Speech-to-Text Translation: Cascaded or End-to-end? Multidimensional Comparative Evaluation
Lilit Kharatyan
Julius Maximilian University of Würzburg
Frédéric Blain
Tilburg University
Gloria Corpas Pastor
University of Malaga
The current study conducts a detailed evaluation of cascaded and end-to-end speech-to-text translation models, comparing them across various dimensions. Distinctively, unlike prevailing research which primarily focuses on enhancing the translation component of these models through various modifications, our approach identifies and addresses a gap in the assessment of additional model attributes. In alignment with established metrics for translation quality evaluation, our study extends the examination to include criteria such as latency, practicality, resource consumption, explainability, and adaptability to diverse domains. By integrating these parameters, our analysis seeks to provide an exhaustive understanding of the performance and utility of these models in a range of practical applications.
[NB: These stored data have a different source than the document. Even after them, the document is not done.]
text \<open>
  Taking imaginary parts in the defining identity of \<open>\<nu>\<close> and using
  \<open>Im F = Im m / |m|\<^sup>2\<close>, \<open>Im m(w) = Im w \<cdot> I\<^sub>\<mu>(w)\<close> gives
  \<open>I\<^sub>\<nu> = I\<^sub>\<mu> / |m|\<^sup>2 - 1\<close> on the upper half plane.
  Near an atom \<open>E\<close>, both \<open>(E - z) m(z)\<close> and \<open>|E - z|\<^sup>2 I\<^sub>\<mu>(z)\<close> are integrals of the
  kernel \<open>(E - z)/(x - z)\<close> resp. its squared modulus, which converges pointwise to
  the indicator of \<open>{E}\<close>; non-tangential approach keeps the kernel bounded, so by
  dominated convergence both tend to \<open>\<mu>({E})\<close>, and the quotient tends to \<open>1/\<mu>({E})\<close>.
\<close>

lemma integral_dominated_convergence_eventually:
  fixes f :: "'a \<Rightarrow> 'b::{banach, second_countable_topology}" and w :: "'a \<Rightarrow> real"
  assumes "f \<in> borel_measurable M" "\<And>i. s i \<in> borel_measurable M" "integrable M w"
    and "AE x in M. (\<lambda>i. s i x) \<longlonglongrightarrow> f x"
    and "\<forall>\<^sub>F i in sequentially. AE x in M. norm (s i x) \<le> w x"
  shows "(\<lambda>i. integral\<^sup>L M (s i)) \<longlonglongrightarrow> integral\<^sup>L M f"
proof -
  obtain N where N: "\<And>i. i \<ge> N \<Longrightarrow> AE x in M. norm (s i x) \<le> w x"
    using assms(5) by (auto simp: eventually_sequentially)
  show ?thesis
  proof (rule LIMSEQ_offset[where k = N], rule integral_dominated_convergence)
    show "AE x in M. (\<lambda>i. s (i + N) x) \<longlonglongrightarrow> f x"
      using assms(4) by eventually_elim (rule LIMSEQ_ignore_initial_segment)
    show "AE x in M. norm (s (i + N) x) \<le> w x" for i
      by (rule N) simp
  qed (use assms in auto)
qed

lemma Im_le_cmod_real_minus: "\<bar>Im w\<bar> \<le> cmod (complex_of_real x - w)"
  using abs_Im_le_cmod[of "complex_of_real x - w"] by simp

lemma integrable_Cauchy_kernel:
  fixes M :: "real measure"
  assumes "finite_measure M" "sets M = sets borel" "Im w \<noteq> 0"
  shows "integrable M (\<lambda>x. 1 / (complex_of_real x - w))"
proof (rule finite_measure.integrable_const_bound[OF assms(1), where B = "1 / \<bar>Im w\<bar>"])
  show "AE x in M. norm (1 / (complex_of_real x - w)) \<le> 1 / \<bar>Im w\<bar>"
    using Im_le_cmod_real_minus assms(3) by (auto simp: norm_divide intro!: frac_le)
  show "(\<lambda>x. 1 / (complex_of_real x - w)) \<in> borel_measurable M"
    unfolding measurable_cong_sets[OF assms(2) refl] by measurable
qed

lemma Im_stieltjes:
  assumes "finite_measure M" "sets M = sets borel" "Im w \<noteq> 0"
  shows "Im (stieltjes M w) = Im w * Ifun M w"
proof -
  have "Im (stieltjes M w) = (\<integral>x. Im (1 / (complex_of_real x - w)) \<partial>M)"
    unfolding stieltjes_def using integrable_Cauchy_kernel[OF assms] by simp
  also have "\<dots> = (\<integral>x. Im w * (1 / (cmod (complex_of_real x - w))\<^sup>2) \<partial>M)"
    by (simp add: Im_divide cmod_power2)
  also have "\<dots> = Im w * Ifun M w"
    unfolding Ifun_def by (rule integral_mult_right_zero)
  finally show ?thesis .
qed

lemma Ifun_hat_measure:
  assumes "finite_measure \<mu>" "sets \<mu> = sets borel" "is_hat_measure \<mu> \<nu>" "Im w > 0"
  shows "Ifun \<nu> w = Ifun \<mu> w / (cmod (stieltjes \<mu> w))\<^sup>2 - 1"
proof -
  have \<nu>: "sets \<nu> = sets borel" "finite_measure \<nu>"
    and F: "Ftrans \<mu> w - w = - complex_of_real (\<integral>x. x \<partial>\<mu>) + stieltjes \<nu> w"
    using assms(3,4) unfolding is_hat_measure_def stieltjes_def by auto
  have "Im w * Ifun \<nu> w = Im (Ftrans \<mu> w) - Im w"
    using arg_cong[OF F, of Im] Im_stieltjes[OF \<nu>(2,1)] assms(4) by simp
  also have "\<dots> = Im (stieltjes \<mu> w) / (cmod (stieltjes \<mu> w))\<^sup>2 - Im w"
    unfolding Ftrans_def by (simp add: Im_divide cmod_power2)
  also have "\<dots> = Im w * (Ifun \<mu> w / (cmod (stieltjes \<mu> w))\<^sup>2 - 1)"
    using Im_stieltjes[OF assms(1,2)] assms(4)
    by (simp add: algebra_simps)
  finally show ?thesis
    using assms(4) by simp
qed

lemma nontangential_convD:
  assumes "nontangential_conv z E"
  shows "Im (z n) > 0" and "z \<longlonglongrightarrow> complex_of_real E"
  using assms unfolding nontangential_conv_def by auto

lemma nontangential_conv_kernel_bound:
  assumes "nontangential_conv z E"
  obtains K where "\<forall>\<^sub>F n in sequentially. \<forall>x.
    cmod ((complex_of_real E - z n) / (complex_of_real x - z n)) \<le> K"
proof -
  obtain C where "C > 0" and ratio: "\<forall>\<^sub>F n in sequentially. \<bar>(Re (z n) - E) / Im (z n)\<bar> \<le> C"
    and pos: "\<And>n. Im (z n) > 0"
    using assms unfolding nontangential_conv_def by auto
  from ratio have "\<forall>\<^sub>F n in sequentially. \<forall>x.
    cmod ((complex_of_real E - z n) / (complex_of_real x - z n)) \<le> C + 1"
  proof (eventually_elim, intro allI)
    fix n x
    assume "\<bar>(Re (z n) - E) / Im (z n)\<bar> \<le> C"
    then have "\<bar>Re (z n) - E\<bar> \<le> C * Im (z n)"
      using pos[of n] by (simp add: abs_divide pos_divide_le_eq)
    then have "cmod (complex_of_real E - z n) \<le> (C + 1) * Im (z n)"
      using cmod_le[of "complex_of_real E - z n"] pos[of n] by (simp add: algebra_simps)
    also have "\<dots> \<le> (C + 1) * cmod (complex_of_real x - z n)"
      using Im_le_cmod_real_minus[of "z n" x] pos[of n] \<open>C > 0\<close> by (simp add: mult_left_mono)
    finally have "cmod (complex_of_real E - z n) \<le> (C + 1) * cmod (complex_of_real x - z n)" .
    moreover have "cmod (complex_of_real x - z n) > 0"
      using Im_le_cmod_real_minus[of "z n" x] pos[of n] by linarith
    ultimately show "cmod ((complex_of_real E - z n) / (complex_of_real x - z n)) \<le> C + 1"
      by (simp add: norm_divide pos_divide_le_eq)
  qed
  then show ?thesis by (rule that)
qed

lemma tendsto_atom_kernel:
  assumes "\<And>n. Im (z n) \<noteq> 0" "z \<longlonglongrightarrow> complex_of_real E"
  shows "(\<lambda>n. (complex_of_real E - z n) / (complex_of_real x - z n))
           \<longlonglongrightarrow> complex_of_real (indicator {E} x)"
proof (cases "x = E")
  case True
  have "complex_of_real E - z n \<noteq> 0" for n
    using assms(1)[of n] by (auto simp: complex_eq_iff)
  then show ?thesis using True by simp
next
  case False
  have "(\<lambda>n. (complex_of_real E - z n) / (complex_of_real x - z n))
          \<longlonglongrightarrow> (complex_of_real E - complex_of_real E) / (complex_of_real x - complex_of_real E)"
    using False by (intro tendsto_intros assms(2)) auto
  then show ?thesis using False by simp
qed

lemma tendsto_scaled_stieltjes_atom:
  assumes "finite_measure M" "sets M = sets borel" "nontangential_conv z E"
  shows "(\<lambda>n. (complex_of_real E - z n) * stieltjes M (z n))
           \<longlonglongrightarrow> complex_of_real (measure M {E})"
proof -
  interpret finite_measure M by fact
  have meas: "borel_measurable M = borel_measurable borel"
    by (rule measurable_cong_sets[OF assms(2) refl])
  obtain K where K: "\<forall>\<^sub>F n in sequentially. \<forall>x.
      cmod ((complex_of_real E - z n) / (complex_of_real x - z n)) \<le> K"
    using nontangential_conv_kernel_bound[OF assms(3)] by blast
  have "(\<lambda>n. \<integral>x. (complex_of_real E - z n) / (complex_of_real x - z n) \<partial>M)
          \<longlonglongrightarrow> (\<integral>x. complex_of_real (indicator {E} x) \<partial>M)"
  proof (rule integral_dominated_convergence_eventually[where w = "\<lambda>_. K"])
    show "AE x in M. (\<lambda>n. (complex_of_real E - z n) / (complex_of_real x - z n))
            \<longlonglongrightarrow> complex_of_real (indicator {E} x)"
      using nontangential_convD[OF assms(3)] by (intro AE_I2 tendsto_atom_kernel) (metis less_irrefl)+
    show "\<forall>\<^sub>F n in sequentially.
            AE x in M. norm ((complex_of_real E - z n) / (complex_of_real x - z n)) \<le> K"
      using K by eventually_elim simp
  qed (auto simp: meas)
  then show ?thesis
    using sets_eq_imp_space_eq[OF assms(2)]
    by (simp add: stieltjes_def integral_mult_right_zero[symmetric])
qed

lemma tendsto_scaled_Ifun_atom:
  assumes "finite_measure M" "sets M = sets borel" "nontangential_conv z E"
  shows "(\<lambda>n. (cmod (complex_of_real E - z n))\<^sup>2 * Ifun M (z n)) \<longlonglongrightarrow> measure M {E}"
proof -
  interpret finite_measure M by fact
  have meas: "borel_measurable M = borel_measurable borel"
    by (rule measurable_cong_sets[OF assms(2) refl])
  obtain K where K: "\<forall>\<^sub>F n in sequentially. \<forall>x.
      cmod ((complex_of_real E - z n) / (complex_of_real x - z n)) \<le> K"
    using nontangential_conv_kernel_bound[OF assms(3)] by blast
  have "(\<lambda>n. \<integral>x. (cmod ((complex_of_real E - z n) / (complex_of_real x - z n)))\<^sup>2 \<partial>M)
          \<longlonglongrightarrow> (\<integral>x. indicator {E} x \<partial>M)"
  proof (rule integral_dominated_convergence_eventually[where w = "\<lambda>_. K\<^sup>2"])
    show "AE x in M. (\<lambda>n. (cmod ((complex_of_real E - z n) / (complex_of_real x - z n)))\<^sup>2)
            \<longlonglongrightarrow> indicator {E} x"
    proof (rule AE_I2)
      fix x
      have kernel: "(\<lambda>n. (complex_of_real E - z n) / (complex_of_real x - z n))
              \<longlonglongrightarrow> complex_of_real (indicator {E} x)"
        using nontangential_convD[OF assms(3)] by (intro tendsto_atom_kernel) (metis less_irrefl)
      have "(cmod (complex_of_real (indicator {E} x)))\<^sup>2 = indicator {E} x"
        by (simp add: indicator_def)
      with tendsto_power[OF tendsto_norm[OF kernel], of 2]
      show "(\<lambda>n. (cmod ((complex_of_real E - z n) / (complex_of_real x - z n)))\<^sup>2)
              \<longlonglongrightarrow> indicator {E} x"
        by simp
    qed
    show "\<forall>\<^sub>F n in sequentially.
            AE x in M. norm ((cmod ((complex_of_real E - z n) / (complex_of_real x - z n)))\<^sup>2) \<le> K\<^sup>2"
      using K by eventually_elim (simp add: power_mono)
  qed (auto simp: meas)
  then show ?thesis
    using sets_eq_imp_space_eq[OF assms(2)]
    by (simp add: Ifun_def integral_mult_right_zero[symmetric] norm_divide power_divide)
qed

lemma tendsto_Ifun_over_stieltjes_atom:
  assumes "finite_measure M" "sets M = sets borel" "nontangential_conv z E" "measure M {E} > 0"
  shows "(\<lambda>n. Ifun M (z n) / (cmod (stieltjes M (z n)))\<^sup>2) \<longlonglongrightarrow> 1 / measure M {E}"
proof -
  let ?d = "\<lambda>n. complex_of_real E - z n"
  have "?d n \<noteq> 0" for n
    using nontangential_convD(1)[OF assms(3), of n] by (auto simp: complex_eq_iff)
  then have rescale: "Ifun M (z n) / (cmod (stieltjes M (z n)))\<^sup>2
      = (cmod (?d n))\<^sup>2 * Ifun M (z n) / (cmod (?d n * stieltjes M (z n)))\<^sup>2" for n
    by (simp add: norm_mult power_mult_distrib)
  have "(\<lambda>n. (cmod (?d n))\<^sup>2 * Ifun M (z n) / (cmod (?d n * stieltjes M (z n)))\<^sup>2)
          \<longlonglongrightarrow> measure M {E} / (cmod (complex_of_real (measure M {E})))\<^sup>2"
    using assms(4)
    by (intro tendsto_intros tendsto_scaled_Ifun_atom tendsto_scaled_stieltjes_atom assms(1-3)) simp
  moreover have "measure M {E} / (cmod (complex_of_real (measure M {E})))\<^sup>2 = 1 / measure M {E}"
    using assms(4) by (simp add: power2_eq_square)
  ultimately show ?thesis
    unfolding rescale by simp
qed

theorem lemma3p11:
  fixes \<mu> \<nu> :: "real measure" and nac npp nout :: nat
    and xs ws Em Ep tm tp C :: "nat \<Rightarrow> real" and \<rho> :: "real \<Rightarrow> real"
    and E :: real and z :: "nat \<Rightarrow> complex"
  assumes "assumptionA \<mu> nac npp nout xs ws Em Ep \<rho> tm tp C"
    and "is_hat_measure \<mu> \<nu>"
    and "measure \<mu> {E} > 0"
    and "nontangential_conv z E"
  shows "((\<lambda>n. Ifun \<nu> (z n)) \<longlonglongrightarrow> 1 / measure \<mu> {E} - 1) \<and>
         ((\<lambda>n. Ifun \<mu> (z n) / (cmod (stieltjes \<mu> (z n)))\<^sup>2 - 1) \<longlonglongrightarrow> 1 / measure \<mu> {E} - 1)"
proof -
  have F: "finite_measure \<mu>" and S: "sets \<mu> = sets borel"
    using assms(1) unfolding assumptionA_def by (auto intro: prob_space.finite_measure)
  have ratio: "(\<lambda>n. Ifun \<mu> (z n) / (cmod (stieltjes \<mu> (z n)))\<^sup>2 - 1) \<longlonglongrightarrow> 1 / measure \<mu> {E} - 1"
    using tendsto_Ifun_over_stieltjes_atom[OF F S assms(4,3)]
    by (rule tendsto_diff[OF _ tendsto_const])
  have "Ifun \<nu> (z n) = Ifun \<mu> (z n) / (cmod (stieltjes \<mu> (z n)))\<^sup>2 - 1" for n
    using Ifun_hat_measure[OF F S assms(2) nontangential_convD(1)[OF assms(4)]] .
  with ratio show ?thesis
    by simp
qed

end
The study is driven by pivotal research questions aimed at uncovering the multifaceted impacts of model architecture on translation accuracy and system performance. 1) Initially, the extent to which architectural variations influence the translation output and the individual effectiveness of components within cascaded systems (ASR/MT, including the optional integration of components such as punctuation or grammar enhancement models) is investigated, with a focus on their impact on auxiliary characteristics such as latency and resource consumption. 2) Subsequently, systematic differences in error patterns between cascaded and end-to-end models are identified, and the correlation of these discrepancies with human post-editing evaluations is examined. 3) Furthermore, the effectiveness and applicability of current automatic metrics in capturing the quality of translations, as perceived by human evaluators, are assessed, probing the potential misalignments between these two assessment methods. 4) Lastly, the adaptability of these models across diverse application domains is explored, analyzing how performance varies with changes in speaker characteristics and environmental complexities, such as accented speech, paralinguistic information, and background noise. This comprehensive exploration aims to elucidate the nuanced capabilities and limitations of each architectural approach, providing a robust framework for their application in varied real-world settings.
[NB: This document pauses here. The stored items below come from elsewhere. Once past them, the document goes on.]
(* For every $t\in\mathtt T_J$: $t$ is a $\to_{d\beta}$-normal form if and only if $t\in\mathtt m$, where $\mathtt m$ and $\mathtt m_{var}$ are the sets of terms generated by the grammar $\mathtt m_{var} ::= x \mid \mathtt m_{var}(\mathtt m, y.\mathtt m_{var})$ and $\mathtt m ::= x \mid \lambda x.\mathtt m \mid \mathtt m_{var}(\mathtt m, y.\mathtt m)$.
   Context: Terms $\mathtt T_J$: $t,u,r ::= x \mid \lambda x.t \mid t(u,y.r)$ ($y$ bound in $r$), up to $\alpha$-equivalence; $\{u/x\}t$ is capture-avoiding substitution. List contexts: $\mathtt D ::= \Diamond \mid t(u,y.\mathtt D)$, $\mathtt D\langle s\rangle$ denoting hole filling. Distant beta: $\mathtt D\langle\lambda x.t\rangle(u,y.r) \mapsto_{d\beta} \{\{u/x\}\mathtt D\langle t\rangle/y\}r$ (variables bound by $\mathtt D$ not free in $u$, $x$ not occurring in $\mathtt D$), and $\to_{d\beta}$ is its closure under all term contexts. A normal form is a term with no $\to_{d\beta}$-reduct. *)

theory Defs
  imports Main
begin

text \<open>Terms of T_J up to alpha-equivalence, in de Bruijn representation.
  App t u r stands for t(u, y.r): the variable y is bound in r (index 0 of r).\<close>

datatype tm = Var nat | Lam tm | App tm tm tm

fun lift :: "tm \<Rightarrow> nat \<Rightarrow> tm" where
  "lift (Var i) k = (if i < k then Var i else Var (Suc i))"
| "lift (Lam t) k = Lam (lift t (Suc k))"
| "lift (App t u r) k = App (lift t k) (lift u k) (lift r (Suc k))"

fun subst :: "tm \<Rightarrow> tm \<Rightarrow> nat \<Rightarrow> tm" where
  "subst (Var i) s k = (if k < i then Var (i - 1) else if i = k then s else Var i)"
| "subst (Lam t) s k = Lam (subst t (lift s 0) (Suc k))"
| "subst (App t u r) s k = App (subst t s k) (subst u s k) (subst r (lift s 0) (Suc k))"

datatype lctx = Hole | DApp tm tm lctx

fun fill :: "lctx \<Rightarrow> tm \<Rightarrow> tm" where
  "fill Hole s = s"
| "fill (DApp t u D) s = App t u (fill D s)"

fun depth :: "lctx \<Rightarrow> nat" where
  "depth Hole = 0"
| "depth (DApp t u D) = Suc (depth D)"

text \<open>Distant beta: D<lam x.t>(u, y.r) |-> {{u/x} D<t> / y} r.  The free variables of u
  are shifted past the depth(D) binders of D (this realises the variable conventions).\<close>
inductive dbeta_root :: "tm \<Rightarrow> tm \<Rightarrow> bool" where
  "dbeta_root (App (fill D (Lam t)) u r)
              (subst r (fill D (subst t (((\<lambda>v. lift v 0) ^^ depth D) u) 0)) 0)"

inductive dbeta :: "tm \<Rightarrow> tm \<Rightarrow> bool" where
  root: "dbeta_root t t' \<Longrightarrow> dbeta t t'"
| lam: "dbeta t t' \<Longrightarrow> dbeta (Lam t) (Lam t')"
| app1: "dbeta t t' \<Longrightarrow> dbeta (App t u r) (App t' u r)"
| app2: "dbeta u u' \<Longrightarrow> dbeta (App t u r) (App t u' r)"
| app3: "dbeta r r' \<Longrightarrow> dbeta (App t u r) (App t u r')"

definition normal_form :: "tm \<Rightarrow> bool" where
  "normal_form t \<longleftrightarrow> \<not> (\<exists>t'. dbeta t t')"

inductive m_var :: "tm \<Rightarrow> bool" and m_nf :: "tm \<Rightarrow> bool" where
  mv_var: "m_var (Var i)"
| mv_app: "m_var t \<Longrightarrow> m_nf u \<Longrightarrow> m_var r \<Longrightarrow> m_var (App t u r)"
| m_var': "m_nf (Var i)"
| m_lam: "m_nf t \<Longrightarrow> m_nf (Lam t)"
| m_app: "m_var t \<Longrightarrow> m_nf u \<Longrightarrow> m_nf r \<Longrightarrow> m_nf (App t u r)"

end

theory Submission
  imports Defs
begin

text \<open>A term is a normal form iff no subterm is a distant redex, i.e. iff no left
  component of an application has the shape D<lam x.s>.  The grammar m_var describes
  exactly the normal forms not of that shape, so the two grammars are the normal forms
  split according to whether a term may stand in function position.\<close>

fun ends_in_Lam :: "tm \<Rightarrow> bool" where
  "ends_in_Lam (Var i) = False"
| "ends_in_Lam (Lam t) = True"
| "ends_in_Lam (App t u r) = ends_in_Lam r"

lemma ends_in_Lam_iff_fill: "ends_in_Lam t \<longleftrightarrow> (\<exists>D s. t = fill D (Lam s))"
proof
  show "ends_in_Lam t \<Longrightarrow> \<exists>D s. t = fill D (Lam s)"
  proof (induction t)
    case (Lam t)
    have "Lam t = fill Hole (Lam t)" by simp
    then show ?case by blast
  next
    case (App t u r)
    then obtain D s where "r = fill D (Lam s)" by auto
    then have "App t u r = fill (DApp t u D) (Lam s)" by simp
    then show ?case by blast
  qed simp
next
  have "ends_in_Lam (fill D (Lam s))" for D s by (induction D) auto
  then show "\<exists>D s. t = fill D (Lam s) \<Longrightarrow> ends_in_Lam t" by blast
qed

lemma m_varD: "m_var t \<Longrightarrow> m_nf t \<and> \<not> ends_in_Lam t"
  and "m_nf t \<Longrightarrow> True"
  by (induction t and t rule: m_var_m_nf.inducts) (auto intro: m_var_m_nf.intros)

lemma m_var_iff: "m_var t \<longleftrightarrow> m_nf t \<and> \<not> ends_in_Lam t"
proof
  show "m_nf t \<and> \<not> ends_in_Lam t \<Longrightarrow> m_var t"
  proof (induction t)
    case (App t u r)
    then show ?case by (auto elim: m_nf.cases intro: mv_app)
  qed (auto intro: mv_var)
qed (rule m_varD)

lemma dbeta_not_m_nf: "dbeta t t' \<Longrightarrow> \<not> m_nf t"
proof (induction rule: dbeta.induct)
  case (root t t')
  then obtain D s u r where "t = App (fill D (Lam s)) u r"
    by (auto elim: dbeta_root.cases)
  moreover have "\<not> m_var (fill D (Lam s))"
    using m_var_iff ends_in_Lam_iff_fill by blast
  ultimately show ?case by (auto elim: m_nf.cases)
next
  case (app1 t t' u r)
  then show ?case using m_varD by (auto elim: m_nf.cases)
qed (auto elim: m_nf.cases)

lemma normal_form_LamD: "normal_form (Lam t) \<Longrightarrow> normal_form t"
  unfolding normal_form_def using dbeta.lam by blast

lemma normal_form_AppD:
  assumes "normal_form (App t u r)"
  shows "normal_form t" "normal_form u" "normal_form r" "\<not> ends_in_Lam t"
proof -
  show "normal_form t" "normal_form u" "normal_form r"
    using assms unfolding normal_form_def by (blast intro: dbeta.intros)+
  show "\<not> ends_in_Lam t"
  proof
    assume "ends_in_Lam t"
    then obtain D s where "t = fill D (Lam s)"
      using ends_in_Lam_iff_fill by blast
    then have "\<exists>t'. dbeta (App t u r) t'"
      by (blast intro: dbeta.root dbeta_root.intros)
    then show False
      using assms unfolding normal_form_def by blast
  qed
qed

lemma normal_form_imp_m_nf: "normal_form t \<Longrightarrow> m_nf t"
proof (induction t)
  case (Lam t)
  then show ?case by (blast dest: normal_form_LamD intro: m_lam)
next
  case (App t u r)
  then show ?case
    using normal_form_AppD[OF App.prems] m_var_iff by (blast intro: m_app)
qed (rule m_var')

theorem mainTheorem2:
  fixes t :: tm
  shows "normal_form t \<longleftrightarrow> m_nf t"
  using normal_form_imp_m_nf dbeta_not_m_nf unfolding normal_form_def by blast

end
The findings of this study delineate the distinct advantages and limitations of cascaded and end-to-end speech-to-text translation models. Cascaded models, although slower due to extensive processing requirements, excel in translation accuracy and are particularly effective in settings that demand detailed output, such as literary and political discourse where complex narrative structures and speech irregularities dominate. Conversely, end-to-end models provide advantages in scenarios where rapid response is crucial, simplifying operational demands but exhibiting a higher propensity for errors such as mistranslations, omissions, and grammatical inaccuracies.
Contrary to expectations, both cascaded and end-to-end models demonstrate comparable computational resource consumption, despite the multi-component complexity of cascaded systems. This similarity suggests that the efficiency of end-to-end models may not be as pronounced as assumed. The study also critically examines the misalignment between current automatic metrics and human judgment, particularly in handling speech-specific elements and spoken punctuation. Such inconsistencies challenge the applicability of these metrics for accurately evaluating translation quality. Additionally, cascaded models provide enhanced explainability due to the visibility of component outputs, which facilitates more effective error diagnosis and system refinement.
The apparent dichotomy in how these models function suggests that selection should be based on the specific goals of a project. The insights provided by our results can guide this decision-making process, aiding in the selection of the appropriate architecture or in identifying aspects that warrant further development within these architectures.